**WORK REQUEST:** The answer must be a single number: the count of lines in these records that hold "finX".

**Stored items from a collection:**

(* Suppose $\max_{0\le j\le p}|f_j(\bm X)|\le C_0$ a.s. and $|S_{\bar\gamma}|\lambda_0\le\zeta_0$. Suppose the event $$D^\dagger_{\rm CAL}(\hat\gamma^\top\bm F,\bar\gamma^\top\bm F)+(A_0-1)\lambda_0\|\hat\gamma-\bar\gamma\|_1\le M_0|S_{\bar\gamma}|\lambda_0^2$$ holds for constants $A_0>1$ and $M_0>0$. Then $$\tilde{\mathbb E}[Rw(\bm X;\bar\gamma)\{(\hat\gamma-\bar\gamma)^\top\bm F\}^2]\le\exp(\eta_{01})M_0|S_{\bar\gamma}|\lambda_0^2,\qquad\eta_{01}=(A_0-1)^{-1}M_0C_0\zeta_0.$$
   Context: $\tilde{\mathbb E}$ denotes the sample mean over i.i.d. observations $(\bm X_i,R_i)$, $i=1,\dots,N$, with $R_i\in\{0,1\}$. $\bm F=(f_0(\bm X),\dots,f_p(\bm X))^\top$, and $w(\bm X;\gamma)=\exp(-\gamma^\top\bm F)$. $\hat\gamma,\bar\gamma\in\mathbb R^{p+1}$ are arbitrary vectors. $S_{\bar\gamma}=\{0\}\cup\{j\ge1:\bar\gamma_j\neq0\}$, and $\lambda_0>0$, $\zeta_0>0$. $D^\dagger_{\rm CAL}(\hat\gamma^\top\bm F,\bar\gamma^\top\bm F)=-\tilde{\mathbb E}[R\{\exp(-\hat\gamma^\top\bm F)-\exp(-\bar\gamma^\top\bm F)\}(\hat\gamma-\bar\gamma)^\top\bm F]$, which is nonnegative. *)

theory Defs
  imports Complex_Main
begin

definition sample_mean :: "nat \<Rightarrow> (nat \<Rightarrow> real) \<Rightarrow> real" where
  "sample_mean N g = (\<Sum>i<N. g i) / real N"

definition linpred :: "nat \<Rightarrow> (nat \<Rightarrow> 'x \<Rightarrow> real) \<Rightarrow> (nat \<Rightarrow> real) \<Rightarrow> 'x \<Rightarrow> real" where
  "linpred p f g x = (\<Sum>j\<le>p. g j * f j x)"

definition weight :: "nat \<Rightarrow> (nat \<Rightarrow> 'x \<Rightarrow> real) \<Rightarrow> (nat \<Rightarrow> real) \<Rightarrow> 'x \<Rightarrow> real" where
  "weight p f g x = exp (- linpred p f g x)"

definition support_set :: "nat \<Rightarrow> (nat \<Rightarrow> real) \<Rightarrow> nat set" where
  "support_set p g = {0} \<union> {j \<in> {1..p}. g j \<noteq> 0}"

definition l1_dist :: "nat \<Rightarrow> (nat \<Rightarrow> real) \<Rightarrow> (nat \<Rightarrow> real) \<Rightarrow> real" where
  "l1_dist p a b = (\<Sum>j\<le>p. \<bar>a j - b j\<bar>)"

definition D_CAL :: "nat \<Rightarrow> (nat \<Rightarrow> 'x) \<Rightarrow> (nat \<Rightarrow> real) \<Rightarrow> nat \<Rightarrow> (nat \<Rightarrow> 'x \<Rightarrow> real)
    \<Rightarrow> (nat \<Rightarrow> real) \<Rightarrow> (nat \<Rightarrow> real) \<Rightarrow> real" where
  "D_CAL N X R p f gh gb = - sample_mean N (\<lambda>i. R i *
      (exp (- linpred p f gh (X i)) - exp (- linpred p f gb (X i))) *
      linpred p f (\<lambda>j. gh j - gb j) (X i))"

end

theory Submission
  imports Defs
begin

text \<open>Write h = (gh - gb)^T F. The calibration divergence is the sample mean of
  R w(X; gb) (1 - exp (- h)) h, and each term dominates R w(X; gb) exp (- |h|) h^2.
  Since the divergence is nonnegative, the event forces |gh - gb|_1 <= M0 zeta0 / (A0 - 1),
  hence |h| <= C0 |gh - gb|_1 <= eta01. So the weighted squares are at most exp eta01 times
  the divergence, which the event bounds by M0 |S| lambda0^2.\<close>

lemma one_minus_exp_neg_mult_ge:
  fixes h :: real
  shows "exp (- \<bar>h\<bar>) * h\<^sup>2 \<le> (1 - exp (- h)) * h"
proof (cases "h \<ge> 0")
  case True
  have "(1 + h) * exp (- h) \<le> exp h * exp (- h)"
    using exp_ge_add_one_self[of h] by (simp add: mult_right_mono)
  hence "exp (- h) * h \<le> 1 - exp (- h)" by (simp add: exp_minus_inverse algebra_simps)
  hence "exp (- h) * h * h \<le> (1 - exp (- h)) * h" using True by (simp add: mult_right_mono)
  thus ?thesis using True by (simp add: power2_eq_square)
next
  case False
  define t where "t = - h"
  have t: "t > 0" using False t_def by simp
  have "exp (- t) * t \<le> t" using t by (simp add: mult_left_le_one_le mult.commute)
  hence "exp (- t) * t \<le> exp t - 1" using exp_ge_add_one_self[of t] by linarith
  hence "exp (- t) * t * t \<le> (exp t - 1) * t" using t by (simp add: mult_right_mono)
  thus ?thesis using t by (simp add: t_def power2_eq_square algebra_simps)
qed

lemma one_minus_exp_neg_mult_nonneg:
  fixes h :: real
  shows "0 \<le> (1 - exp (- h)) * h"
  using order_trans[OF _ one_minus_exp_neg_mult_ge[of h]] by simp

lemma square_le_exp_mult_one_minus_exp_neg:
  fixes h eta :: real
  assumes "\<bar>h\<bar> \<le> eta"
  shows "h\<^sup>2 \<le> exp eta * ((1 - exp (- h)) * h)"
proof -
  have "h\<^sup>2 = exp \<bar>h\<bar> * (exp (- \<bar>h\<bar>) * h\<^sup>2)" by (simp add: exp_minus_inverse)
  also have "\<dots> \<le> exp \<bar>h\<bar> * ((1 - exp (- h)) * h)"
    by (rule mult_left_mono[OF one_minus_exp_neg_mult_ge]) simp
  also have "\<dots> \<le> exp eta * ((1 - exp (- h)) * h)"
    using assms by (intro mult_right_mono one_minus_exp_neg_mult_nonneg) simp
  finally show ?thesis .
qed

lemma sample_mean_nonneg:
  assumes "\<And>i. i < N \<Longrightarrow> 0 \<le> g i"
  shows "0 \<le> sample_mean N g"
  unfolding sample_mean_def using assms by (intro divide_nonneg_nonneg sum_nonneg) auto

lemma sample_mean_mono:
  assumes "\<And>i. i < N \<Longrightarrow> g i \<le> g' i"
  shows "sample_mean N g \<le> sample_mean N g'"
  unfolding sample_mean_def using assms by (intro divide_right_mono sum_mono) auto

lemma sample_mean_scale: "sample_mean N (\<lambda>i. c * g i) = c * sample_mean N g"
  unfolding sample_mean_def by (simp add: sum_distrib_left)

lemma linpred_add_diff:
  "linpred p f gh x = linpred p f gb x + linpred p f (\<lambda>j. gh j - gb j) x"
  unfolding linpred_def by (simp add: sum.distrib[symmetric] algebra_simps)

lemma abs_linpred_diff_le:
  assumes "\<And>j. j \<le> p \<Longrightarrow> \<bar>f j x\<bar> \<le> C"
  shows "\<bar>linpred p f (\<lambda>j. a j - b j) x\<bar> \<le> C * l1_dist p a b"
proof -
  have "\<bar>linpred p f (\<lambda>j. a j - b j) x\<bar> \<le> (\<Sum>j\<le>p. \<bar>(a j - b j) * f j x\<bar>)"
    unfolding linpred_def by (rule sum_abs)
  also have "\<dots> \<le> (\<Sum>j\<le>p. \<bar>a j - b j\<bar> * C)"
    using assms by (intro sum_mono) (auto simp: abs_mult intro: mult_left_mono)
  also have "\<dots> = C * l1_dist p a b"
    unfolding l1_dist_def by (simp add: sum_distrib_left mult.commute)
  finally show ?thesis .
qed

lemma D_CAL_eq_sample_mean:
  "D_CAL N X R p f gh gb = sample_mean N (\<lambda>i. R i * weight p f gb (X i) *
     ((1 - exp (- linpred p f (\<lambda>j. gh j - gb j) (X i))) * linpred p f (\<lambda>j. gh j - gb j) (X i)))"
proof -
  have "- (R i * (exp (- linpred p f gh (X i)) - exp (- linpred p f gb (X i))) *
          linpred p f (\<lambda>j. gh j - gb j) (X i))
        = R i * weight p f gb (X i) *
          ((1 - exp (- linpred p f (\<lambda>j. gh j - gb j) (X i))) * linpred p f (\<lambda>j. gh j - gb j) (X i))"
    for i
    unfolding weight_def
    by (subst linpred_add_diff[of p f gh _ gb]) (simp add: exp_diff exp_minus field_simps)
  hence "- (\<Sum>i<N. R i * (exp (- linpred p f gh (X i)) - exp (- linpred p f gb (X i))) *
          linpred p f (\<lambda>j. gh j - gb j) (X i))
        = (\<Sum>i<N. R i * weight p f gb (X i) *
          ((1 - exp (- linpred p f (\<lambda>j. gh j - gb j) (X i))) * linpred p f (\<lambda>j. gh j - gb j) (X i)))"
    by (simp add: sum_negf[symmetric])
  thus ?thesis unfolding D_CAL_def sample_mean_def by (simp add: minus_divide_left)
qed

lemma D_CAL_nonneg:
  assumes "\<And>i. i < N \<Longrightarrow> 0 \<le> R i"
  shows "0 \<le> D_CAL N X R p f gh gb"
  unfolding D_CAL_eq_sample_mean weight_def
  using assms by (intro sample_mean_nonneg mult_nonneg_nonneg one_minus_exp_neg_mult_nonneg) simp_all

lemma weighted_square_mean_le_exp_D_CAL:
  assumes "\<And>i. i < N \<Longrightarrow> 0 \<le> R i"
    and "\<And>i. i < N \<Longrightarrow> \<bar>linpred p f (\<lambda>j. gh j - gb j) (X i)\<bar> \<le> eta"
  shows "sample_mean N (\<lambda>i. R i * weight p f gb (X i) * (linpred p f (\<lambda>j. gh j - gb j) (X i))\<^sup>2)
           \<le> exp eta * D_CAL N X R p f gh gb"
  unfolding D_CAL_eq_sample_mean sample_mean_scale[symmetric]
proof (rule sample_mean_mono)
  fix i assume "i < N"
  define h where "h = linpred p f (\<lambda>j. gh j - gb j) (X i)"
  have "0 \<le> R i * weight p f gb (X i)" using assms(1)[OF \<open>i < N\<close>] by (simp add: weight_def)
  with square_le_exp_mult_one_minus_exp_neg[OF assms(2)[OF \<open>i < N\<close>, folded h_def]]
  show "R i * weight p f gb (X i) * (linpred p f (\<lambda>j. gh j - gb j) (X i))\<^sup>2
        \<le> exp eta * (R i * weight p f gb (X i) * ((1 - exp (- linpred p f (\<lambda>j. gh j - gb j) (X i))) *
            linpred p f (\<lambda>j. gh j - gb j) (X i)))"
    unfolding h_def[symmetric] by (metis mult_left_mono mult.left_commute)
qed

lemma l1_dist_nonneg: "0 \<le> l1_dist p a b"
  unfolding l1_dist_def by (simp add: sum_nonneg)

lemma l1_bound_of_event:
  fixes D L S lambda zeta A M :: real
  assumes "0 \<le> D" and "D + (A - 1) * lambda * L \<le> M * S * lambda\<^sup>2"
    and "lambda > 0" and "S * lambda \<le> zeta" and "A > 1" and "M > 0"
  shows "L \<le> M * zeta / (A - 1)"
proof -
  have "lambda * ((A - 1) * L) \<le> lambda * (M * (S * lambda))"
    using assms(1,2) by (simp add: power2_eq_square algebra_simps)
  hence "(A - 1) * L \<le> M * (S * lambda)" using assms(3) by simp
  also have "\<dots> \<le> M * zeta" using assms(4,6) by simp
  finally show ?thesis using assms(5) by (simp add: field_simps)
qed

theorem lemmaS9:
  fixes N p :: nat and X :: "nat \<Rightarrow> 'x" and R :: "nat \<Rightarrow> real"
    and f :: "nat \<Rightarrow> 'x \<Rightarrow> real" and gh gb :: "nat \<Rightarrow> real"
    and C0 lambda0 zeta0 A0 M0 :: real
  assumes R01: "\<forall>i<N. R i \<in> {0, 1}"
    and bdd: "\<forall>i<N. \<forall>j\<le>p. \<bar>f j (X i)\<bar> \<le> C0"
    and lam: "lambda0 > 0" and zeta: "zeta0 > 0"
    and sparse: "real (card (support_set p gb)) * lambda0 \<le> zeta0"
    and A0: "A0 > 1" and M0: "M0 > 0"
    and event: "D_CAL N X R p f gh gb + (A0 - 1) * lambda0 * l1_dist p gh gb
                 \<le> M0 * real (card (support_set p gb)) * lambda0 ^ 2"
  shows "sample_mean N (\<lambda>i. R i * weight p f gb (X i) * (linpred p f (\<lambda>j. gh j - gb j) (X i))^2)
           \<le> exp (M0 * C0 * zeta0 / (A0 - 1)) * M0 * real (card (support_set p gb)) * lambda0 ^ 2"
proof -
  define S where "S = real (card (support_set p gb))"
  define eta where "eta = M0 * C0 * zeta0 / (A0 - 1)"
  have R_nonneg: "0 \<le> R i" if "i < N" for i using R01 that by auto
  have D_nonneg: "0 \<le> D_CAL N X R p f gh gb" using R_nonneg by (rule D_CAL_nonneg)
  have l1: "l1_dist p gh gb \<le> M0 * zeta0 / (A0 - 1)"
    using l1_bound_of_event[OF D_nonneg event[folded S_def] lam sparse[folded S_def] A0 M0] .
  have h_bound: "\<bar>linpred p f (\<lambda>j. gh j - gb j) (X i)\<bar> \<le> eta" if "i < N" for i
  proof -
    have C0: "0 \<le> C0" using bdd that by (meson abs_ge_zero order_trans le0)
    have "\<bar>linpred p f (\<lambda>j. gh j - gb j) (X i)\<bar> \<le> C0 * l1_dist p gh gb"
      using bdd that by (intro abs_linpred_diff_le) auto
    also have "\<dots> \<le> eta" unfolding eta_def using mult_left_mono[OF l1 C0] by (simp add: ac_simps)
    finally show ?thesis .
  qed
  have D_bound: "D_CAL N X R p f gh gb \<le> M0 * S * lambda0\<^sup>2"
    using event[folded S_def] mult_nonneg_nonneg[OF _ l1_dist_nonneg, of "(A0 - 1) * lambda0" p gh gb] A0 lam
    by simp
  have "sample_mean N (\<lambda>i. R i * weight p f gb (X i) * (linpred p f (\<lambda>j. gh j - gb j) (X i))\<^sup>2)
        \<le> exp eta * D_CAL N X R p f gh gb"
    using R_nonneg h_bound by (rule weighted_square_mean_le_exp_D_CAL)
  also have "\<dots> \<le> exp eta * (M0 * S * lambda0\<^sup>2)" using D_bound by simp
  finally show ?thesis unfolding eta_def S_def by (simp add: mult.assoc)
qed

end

---

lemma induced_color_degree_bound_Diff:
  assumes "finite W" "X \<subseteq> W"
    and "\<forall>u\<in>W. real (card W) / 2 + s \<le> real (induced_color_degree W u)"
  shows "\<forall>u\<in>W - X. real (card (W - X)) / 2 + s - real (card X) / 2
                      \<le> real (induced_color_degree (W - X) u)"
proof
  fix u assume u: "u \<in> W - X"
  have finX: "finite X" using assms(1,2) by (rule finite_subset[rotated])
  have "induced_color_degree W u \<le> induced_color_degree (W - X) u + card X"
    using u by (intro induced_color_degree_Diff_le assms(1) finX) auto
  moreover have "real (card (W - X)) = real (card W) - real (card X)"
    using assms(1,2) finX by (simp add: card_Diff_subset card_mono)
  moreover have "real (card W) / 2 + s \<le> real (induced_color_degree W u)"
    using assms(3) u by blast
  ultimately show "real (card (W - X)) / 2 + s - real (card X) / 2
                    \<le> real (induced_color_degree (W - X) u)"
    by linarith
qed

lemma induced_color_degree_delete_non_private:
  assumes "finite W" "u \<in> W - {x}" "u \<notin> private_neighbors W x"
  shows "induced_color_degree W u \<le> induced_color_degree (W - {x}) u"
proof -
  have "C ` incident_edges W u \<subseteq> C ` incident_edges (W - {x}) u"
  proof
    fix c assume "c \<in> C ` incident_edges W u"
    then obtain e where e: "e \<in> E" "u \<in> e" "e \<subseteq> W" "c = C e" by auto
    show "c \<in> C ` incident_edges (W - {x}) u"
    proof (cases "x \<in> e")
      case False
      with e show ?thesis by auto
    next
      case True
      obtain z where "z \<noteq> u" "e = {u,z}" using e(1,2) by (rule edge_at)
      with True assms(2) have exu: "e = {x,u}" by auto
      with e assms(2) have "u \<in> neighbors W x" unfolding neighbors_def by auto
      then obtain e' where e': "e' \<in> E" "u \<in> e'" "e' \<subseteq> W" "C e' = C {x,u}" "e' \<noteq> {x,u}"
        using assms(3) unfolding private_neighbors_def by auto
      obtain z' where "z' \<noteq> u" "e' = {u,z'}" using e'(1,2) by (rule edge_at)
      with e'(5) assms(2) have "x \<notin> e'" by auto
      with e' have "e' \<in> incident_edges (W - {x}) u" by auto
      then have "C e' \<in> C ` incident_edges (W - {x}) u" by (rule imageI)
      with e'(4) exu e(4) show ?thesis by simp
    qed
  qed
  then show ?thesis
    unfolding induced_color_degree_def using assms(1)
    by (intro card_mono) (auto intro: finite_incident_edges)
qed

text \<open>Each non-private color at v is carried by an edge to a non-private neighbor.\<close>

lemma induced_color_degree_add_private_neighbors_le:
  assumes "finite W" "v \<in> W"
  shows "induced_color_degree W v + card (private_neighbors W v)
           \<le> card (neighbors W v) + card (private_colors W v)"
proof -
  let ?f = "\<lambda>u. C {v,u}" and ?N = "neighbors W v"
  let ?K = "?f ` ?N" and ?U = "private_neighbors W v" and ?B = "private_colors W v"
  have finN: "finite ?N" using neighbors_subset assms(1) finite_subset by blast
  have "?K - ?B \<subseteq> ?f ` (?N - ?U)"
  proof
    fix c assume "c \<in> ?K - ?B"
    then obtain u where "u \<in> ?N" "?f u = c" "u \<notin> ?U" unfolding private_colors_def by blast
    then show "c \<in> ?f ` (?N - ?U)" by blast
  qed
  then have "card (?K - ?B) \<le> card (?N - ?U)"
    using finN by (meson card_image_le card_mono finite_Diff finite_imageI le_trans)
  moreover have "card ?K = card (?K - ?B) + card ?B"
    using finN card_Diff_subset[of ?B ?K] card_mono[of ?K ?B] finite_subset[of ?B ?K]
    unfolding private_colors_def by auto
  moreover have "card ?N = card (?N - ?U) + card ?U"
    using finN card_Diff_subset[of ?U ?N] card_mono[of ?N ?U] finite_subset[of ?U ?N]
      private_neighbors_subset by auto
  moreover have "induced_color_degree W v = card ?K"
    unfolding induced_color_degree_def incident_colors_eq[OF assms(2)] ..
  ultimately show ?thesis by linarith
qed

**ANSWER TO THIS EXERCISE:** 3